Escuelas del olvido


Chimalhuacán, México.
En la periferia de la capital del país, donde la tierra está seca casi todo el año y las tolvaneras parecen envolver todo a su paso, hay escuelas de prescolar, primaria y secundaria a las que acuden niños con cuadernos recogidos de la basura y libros usados. Sus pupitres y mesas son también de desecho. Los plásticos les sirven de pared o techumbre. Ahí no hay luz ni agua, tampoco puertas ni pizarrones.
A pocos kilómetros de la Secretaría de Educación Pública –en cuyos muros y bóvedas pintores como Diego Rivera y David Alfaro Siqueiros, entre otros, plasmaron los ideales revolucionarios–, miles de niños cursan la educación básica en condiciones de hacinamiento, deterioro de infraestructura y falta de higiene en sus instalaciones.
En Chimalhuacán, Otumba, Texcoco o Chalco –municipios aledaños al Distrito Federal– a la falta de bardas perimetrales, de instalaciones sanitarias deficientes o inservibles, la insuficiencia de bibliotecas, aulas de cómputo, laboratorios y talleres, se suma el hambre.

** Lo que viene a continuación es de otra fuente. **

text \<open>Given the monic OP of degree \<open>n\<close>, the one of degree \<open>n + 1\<close> is \<open>z p - g p\<^sup>*\<close>, with
  \<open>g\<close> chosen to kill the constant moment; all other moments vanish by orthogonality of \<open>p\<close>.\<close>
lemma monic_OP_Suc:
  assumes p: "monic_OP M n p"
  defines "g \<equiv> (\<integral>z. z * poly p z \<partial>M) / (\<integral>z. poly (star_poly n p) z \<partial>M)"
  shows "monic_OP M (Suc n) (pCons 0 p - smult g (star_poly n p))"
    (is "monic_OP M (Suc n) ?q")
proof -
  have dp: "degree p = n" and lc: "coeff p n = 1"
    and orth: "\<And>j. j < n \<Longrightarrow> (\<integral>z. cnj (z ^ j) * poly p z \<partial>M) = 0"
    using p by (auto simp: monic_OP_def)
  have "(\<integral>z. poly (star_poly n p) z \<partial>M) = of_real (poly_norm2 p)"
    using integral_star_poly[of p n 0] monic_OP_top_moment[OF p] dp by simp
  then have star0: "(\<integral>z. poly (star_poly n p) z \<partial>M) \<noteq> 0"
    using poly_norm2_pos[OF monic_OP_ne_0[OF p]] by simp
  have dq: "degree ?q = Suc n" and lq: "coeff ?q (Suc n) = 1"
    using lc dp by (auto intro!: antisym degree_le le_degree simp: coeff_star_poly coeff_eq_0)
  have "(\<integral>z. cnj (z ^ j) * poly ?q z \<partial>M) = 0" if j: "j < Suc n" for j
  proof -
    have "(\<integral>z. cnj (z ^ j) * poly ?q z \<partial>M)
        = (\<integral>z. cnj (z ^ j) * (z * poly p z) \<partial>M) - g * (\<integral>z. cnj (z ^ j) * poly (star_poly n p) z \<partial>M)"
      by (simp add: ring_distribs, subst Bochner_Integration.integral_diff)
         (auto intro!: integrable_continuous continuous_intros simp: mult_ac)
    also have "\<dots> = 0"
    proof (cases j)
      case 0
      then show ?thesis using star0 by (simp add: g_def)
    next
      case (Suc j')
      have "(\<integral>z. cnj (z ^ j) * (z * poly p z) \<partial>M) = 0"
        unfolding Suc integral_shift_unit[OF continuous_on_poly[OF continuous_on_id]]
        using orth[of j'] Suc j by simp
      moreover have "(\<integral>z. cnj (z ^ j) * poly (star_poly n p) z \<partial>M) = 0"
        using integral_star_poly[of p n j] orth[of "n - j"] Suc j dp by simp
      ultimately show ?thesis by simp
    qed
    finally show ?thesis .
  qed
  with dq lq show ?thesis by (simp add: monic_OP_def)
qed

De acuerdo con la Medición Municipal de la Pobreza 2010, realizada por el Consejo Nacional de Evaluación de la Política de Desarrollo Social (Coneval), entre 13 y 8 por ciento de estas poblaciones viven en pobreza extrema y otro 20 por ciento enfrenta rezago educativo. Además, de quienes tienen ingresos económicos, uno de cada cinco sólo obtiene recursos para ubicarse por debajo de la línea del bienestar mínimo.
En un recorrido realizado por La Jornada, se constató que a todas estas carencias se agrega la inseguridad en colonias y comunidades cuyo impacto ha comenzado a modificar, incluso, los horarios escolares.
Tan sólo en 2012, en el estado de México ocurrieron 244 mil 207 delitos del fuero común, de los cuales 17 mil 785 corresponden a los cuatro municipios citados, de acuerdo con el Índice Delictivo del Fuero Común, elaborado por el Secretariado Ejecutivo del Sistema Nacional de Seguridad Pública. Entre las infracciones más graves destacan: 239 violaciones, 163 homicidios, 3 mil 902 personas con lesiones y 6 mil 595 robos.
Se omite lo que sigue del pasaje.